New Date! - Polytheism, Monotheism, and the Grey Areas in between

Antioch in the Fourth Century

Raffaella Cribiore (NYU)

In the fourth century CE pagans and Christians belonged to two groups that were not fixed and immutable but were in continuous evolution. The invaluable evidence from the sophist Libanius in Antioch allows us a glimpse at how some people were able to move smoothly in and out of pagan and Christian circles. In his orations Libanius projected the image of official spokesman of paganism that caught the attention of scholars. Yet through his letters it is possible to trace some change in his attitude over the course of his life. While mentions of individual gods occur throughout the orations, all individual gods except Zeus disappear from the late letters, though he continues to refer to the gods as a group. There are also many references to a single theos in both the orations and the letters. We cannot regard these occurrences either as examples of the complete assimilation of God / gods as in earlier centuries or as expressions of deference to Julian or to the Christian court. What one finds in Libanius or in Ammianus is not a restrictively monotheistic conviction but a shift toward a form of monotheism that can consist of the supremacy of one god over other deities or of the absorption of many gods into a single one.

A specialist in education in the Greek and Roman worlds, papyrology, and ancient rhetoric, Raffaella Cribiore has joined NYU as a Professor in the Department of Classics. She was previously at Columbia University where she was Curator of Papyri in the Rare Book and Manuscript Library and an adjunct professor in the Department of Classics.

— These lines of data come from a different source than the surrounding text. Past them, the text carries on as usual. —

(* Let $E$ be a real Hilbert space with $\dim(E)\ge2$, $h\in E$ a unit vector, and $f:\mathbb{R}_{\ge0}\to\mathbb{R}_{\ge0}$ with $f(d)=0$ iff $d=0$. Let $x\preceq_f y\iff f(\|y_\perp-x_\perp\|)\le y_h-x_h$, and assume $(E,\preceq_f)$ is a sponge. Then $f(d)+f(e)\le\max(f(d+e),f(|d-e|))$ for all $d,e\in\mathbb{R}_{\ge0}$. If $\dim(E)\ge3$, then $f$ is square-superadditive, i.e. $f(\sqrt{d^2+e^2})\ge f(d)+f(e)$ for all $d,e\ge0$.
   Context: For $x\in E$ write $x=x_h h+x_\perp$ with $x_h=(x,h)$ and $x_\perp$ orthogonal to $h$. An oriented set $(S,\preceq)$ (with $\preceq$ reflexive and antisymmetric) is a sponge if every finite, nonempty, right-bounded subset has a join and every finite, nonempty, left-bounded subset has a meet. Here $P$ is right-bounded if some $s$ has $p\preceq s$ for all $p\in P$; the join of $P$ is an $x$ with $p\preceq x$ for all $p\in P$ and $x\preceq y$ whenever $p\preceq y$ for all $p\in P$; left-bounded and meet are defined dually. *)

theory Defs
  imports "HOL-Analysis.Analysis"
begin

definition is_join :: "('a \<Rightarrow> 'a \<Rightarrow> bool) \<Rightarrow> 'a set \<Rightarrow> 'a \<Rightarrow> bool" where
  "is_join le P x \<longleftrightarrow> (\<forall>p\<in>P. le p x) \<and> (\<forall>y. (\<forall>p\<in>P. le p y) \<longrightarrow> le x y)"
lemma linear_norm_max_inner_eq:
  fixes X :: "'a::real_inner \<Rightarrow> 'b::real_inner"
  assumes lin: "linear X" and bound: "\<And>y. norm (X y)^2 \<le> L * norm y^2"
    and x0: "norm x0 = 1" and L: "norm (X x0)^2 = L"
  shows "X x0 \<bullet> X y = L * (x0 \<bullet> y)"
proof -
  define g where "g = L * (x0 \<bullet> y) - X x0 \<bullet> X y"
  define d where "d = L * norm y^2 - norm (X y)^2"
  have "0 \<le> 2*e*g + e^2*d" for e
  proof -
    have "norm (X (x0 + e *\<^sub>R y))^2 \<le> L * norm (x0 + e *\<^sub>R y)^2" by (rule bound)
    moreover have "norm (X (x0 + e *\<^sub>R y))^2 = L + 2*e*(X x0 \<bullet> X y) + e^2 * norm (X y)^2"
      unfolding linear_add[OF lin] linear_scale[OF lin] norm_add_scaleR_power2 L ..
    moreover have "norm (x0 + e *\<^sub>R y)^2 = 1 + 2*e*(x0 \<bullet> y) + e^2 * norm y^2"
      unfolding norm_add_scaleR_power2 x0 by simp
    ultimately show ?thesis unfolding g_def d_def by (simp add: algebra_simps)
  qed
  moreover have "d \<ge> 0" using bound[of y] by (simp add: d_def)
  ultimately have "g = 0" by (intro quadratic_nonneg_imp_linear_coeff_zero)
  then show ?thesis by (simp add: g_def)
qed

lemma symmetric_square_top_eigenvector:
  fixes X :: "'v::euclidean_space \<Rightarrow> 'v"
  assumes lin: "linear X" and sym: "\<And>x y. X x \<bullet> y = x \<bullet> X y"
  obtains x0 L where "norm x0 = 1" "X (X x0) = L *\<^sub>R x0" "\<And>y. norm (X y)^2 \<le> L * norm y^2"
proof -
  obtain x0 where x0: "norm x0 = 1" and bound: "\<And>y. norm (X y)^2 \<le> norm (X x0)^2 * norm y^2"
    using linear_norm_attains_max[OF lin] by blast
  define L where "L = norm (X x0)^2"
  have "(X (X x0) - L *\<^sub>R x0) \<bullet> y = 0" for y
    using linear_norm_max_inner_eq[OF lin bound x0, of y] by (simp add: inner_diff_left sym L_def)
  then have "X (X x0) = L *\<^sub>R x0"
    by (metis eq_iff_diff_eq_0 inner_eq_zero_iff)
  with x0 bound show ?thesis by (intro that[of x0 L]) (simp_all add: L_def)
qed

lemma eigenvector_from_square:
  fixes X :: "'v::real_vector \<Rightarrow> 'v"
  assumes lin: "linear X" and sq: "X (X x) = (\<mu> * \<mu>) *\<^sub>R x" and "x \<noteq> 0"
  obtains z c where "z \<noteq> 0" "X z = c *\<^sub>R z" "\<bar>c\<bar> = \<bar>\<mu>\<bar>"
proof (cases "X x + \<mu> *\<^sub>R x = 0")
  case True
  then have "X x = (-\<mu>) *\<^sub>R x" by (simp add: eq_neg_iff_add_eq_0)
  with \<open>x \<noteq> 0\<close> show ?thesis by (intro that[of x "-\<mu>"]) auto
next
  case False
  have "X (X x + \<mu> *\<^sub>R x) = \<mu> *\<^sub>R (X x + \<mu> *\<^sub>R x)"
    using lin sq by (simp add: linear_add linear_scale algebra_simps)
  with False that show ?thesis by blast
qed

locale unit_spectrum_operator =
  fixes a :: "'v::euclidean_space \<Rightarrow> 'v"
  assumes linear: "linear a"
    and symmetric: "\<And>x y. a x \<bullet> y = x \<bullet> a y"
    and eigenvalue_range: "\<And>c x. x \<noteq> 0 \<Longrightarrow> a x = c *\<^sub>R x \<Longrightarrow> 0 \<le> c \<and> c \<le> 1"
begin

text \<open>The affine map \<open>\<lambda>\<mapsto>2\<lambda>-1\<close> moves the spectrum into \<open>[-1,1]\<close>, the natural
  interval for Chebyshev polynomials.\<close>
definition centered :: "'v \<Rightarrow> 'v" where
  "centered x = 2 *\<^sub>R a x - x"

lemma linear_centered: "linear centered"
  using linear unfolding centered_def[abs_def] linear_iff by (auto simp: algebra_simps)

lemmas centered_add = linear_add[OF linear_centered]
  and centered_diff = linear_diff[OF linear_centered]
  and centered_zero = linear_0[OF linear_centered]

lemma centered_symmetric: "centered x \<bullet> y = x \<bullet> centered y"
  by (simp add: centered_def inner_diff_left inner_diff_right symmetric)
(* Let $n,m\ge 1$, let $\mathbf y\in\{0,1\}^n$ be fixed training labels, let $\Psi\in\mathbb R^{m\times n}$ be a feature matrix, and let $\mathrm{metric}$ be of the form $$\mathrm{metric}(\hat{\mathbf y},\check{\mathbf y})=\sum_{j=1}^{J}\frac{a_j\,\mathrm{TP}+b_j\,\mathrm{TN}+f_j(\mathrm{PP},\mathrm{AP})}{g_j(\mathrm{PP},\mathrm{AP})}.$$ Then $$\max_{\theta\in\mathbb R^m}\ \min_{\mathcal Q}\ \max_{\mathcal P}\ \mathbb E_{\hat{\mathbf Y}\sim\mathcal P,\check{\mathbf Y}\sim\mathcal Q}\Big[\mathrm{metric}(\hat{\mathbf Y},\check{\mathbf Y})-\theta^\top\big(\Psi\check{\mathbf Y}-\Psi\mathbf y\big)\Big]$$ (where $\mathcal P,\mathcal Q$ range over all probability distributions on $\{0,1\}^n$ and $\hat{\mathbf Y},\check{\mathbf Y}$ are independent) is equal to $$\max_{\theta\in\mathbb R^m}\Big\{\min_{\mathbf Q\in\Delta}\max_{\mathbf P\in\Delta}\Big[\sum_{k=0}^n\sum_{l=0}^n\sum_{j=1}^J\frac{1}{g_j(k,l)}\Big\{a_j[\mathbf p_k^1\cdot\mathbf q_l^1]+b_j[\mathbf p_k^0\cdot\mathbf q_l^0]+f_j(k,l)r_ks_l\Big\}-\langle\mathbf Q^\top\mathbf 1,\Psi^\top\theta\rangle\Big]+\langle\mathbf y,\Psi^\top\theta\rangle\Big\}.$$
   Context: For $\hat{\mathbf y},\check{\mathbf y}\in\{0,1\}^n$: $\mathrm{TP}=\sum_i\hat y_i\check y_i$, $\mathrm{TN}=\sum_i(1-\hat y_i)(1-\check y_i)$, $\mathrm{PP}=\sum_i\hat y_i$, $\mathrm{AP}=\sum_i\check y_i$; $a_j,b_j\in\mathbb R$ and $f_j,g_j:\{0,\dots,n\}^2\to\mathbb R$ with $g_j$ never zero. Features: the feature of the whole label vector is $\phi(\mathbf x,\mathbf y)=\sum_i\phi(x_i,y_i)$ with $\phi(x_i,0)=0$, and the $i$-th column of $\Psi$ is $\phi(x_i,1)\in\mathbb R^m$, so $\phi(\mathbf x,\mathbf y)=\Psi\mathbf y$. The set $\Delta\subset\mathbb R^{n\times n}$ (entries $p_{i,k}$, $i,k\in\{1,\dots,n\}$) is $$\Delta=\Big\{\mathbf P:\ p_{i,k}\ge 0\ \forall i,k;\ \ p_{i,k}\le\tfrac1k\textstyle\sum_{j}p_{j,k}\ \forall i,k;\ \ \sum_k\tfrac1k\sum_ip_{i,k}\le 1\Big\}.$$ From $\mathbf P\in\Delta$ one defines: $\mathbf p_k^1=\mathbf P_{(:,k)}$ for $k\ge1$ and $\mathbf p_0^1=\mathbf 0$; $r_k=\frac1k\mathbf 1^\top\mathbf p_k^1$ for $k\ge1$ and $r_0=1-\sum_{k=1}^n r_k$; $\mathbf p_k^0=r_k\mathbf 1-\mathbf p_k^1$ for $k\in\{0,\dots,n\}$. The quantities $\mathbf q_l^1,\mathbf q_l^0,s_l$ are defined from $\mathbf Q$ in the same way. (These represent $(\mathbf p_k^a)_i=\mathcal P(\hat Y_i=a,\sum\hat Y=k)$ and $r_k=\mathcal P(\sum\hat Y=k)$.) *)

theory Defs
  imports "HOL-Analysis.Analysis"
begin

text \<open>Label vectors in {0,1}^n, with n = CARD('n) items indexed by the finite type 'n.\<close>
definition labels :: "(real^'n) set" where
  "labels = {v. \<forall>i. v $ i \<in> {0, 1}}"

text \<open>Confusion-matrix counts (as natural numbers, so that f_j, g_j take arguments in {0..n}).\<close>
definition TP :: "real^'n \<Rightarrow> real^'n \<Rightarrow> nat" where
  "TP yh yc = card {i. yh $ i = 1 \<and> yc $ i = 1}"
definition TN :: "real^'n \<Rightarrow> real^'n \<Rightarrow> nat" where
  "TN yh yc = card {i. yh $ i = 0 \<and> yc $ i = 0}"
definition PP :: "real^'n \<Rightarrow> nat" where
  "PP yh = card {i. yh $ i = 1}"
definition AP :: "real^'n \<Rightarrow> nat" where
  "AP yc = card {i. yc $ i = 1}"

She has written three books on ancient education: Writing, Teachers and Students in Graeco-Roman Egypt (Atlanta 1996); Gymnastics of the Mind: Greek Education in Hellenistic and Roman Egypt (Princeton 2001), which won the prestigious Goodwin Award of the American Philological Association in 2004; and The School of Libanius in Late Antique Antioch (Princeton 2007). She also coauthored with R.S. Bagnall the book Women’s Letters in Ancient Egypt: 300 BC-AD 800 (Ann Arbor 2006). She was a member of the Institute for Advanced Study in Princeton in 2004 and has written ca. 40 articles, primarily on ancient education.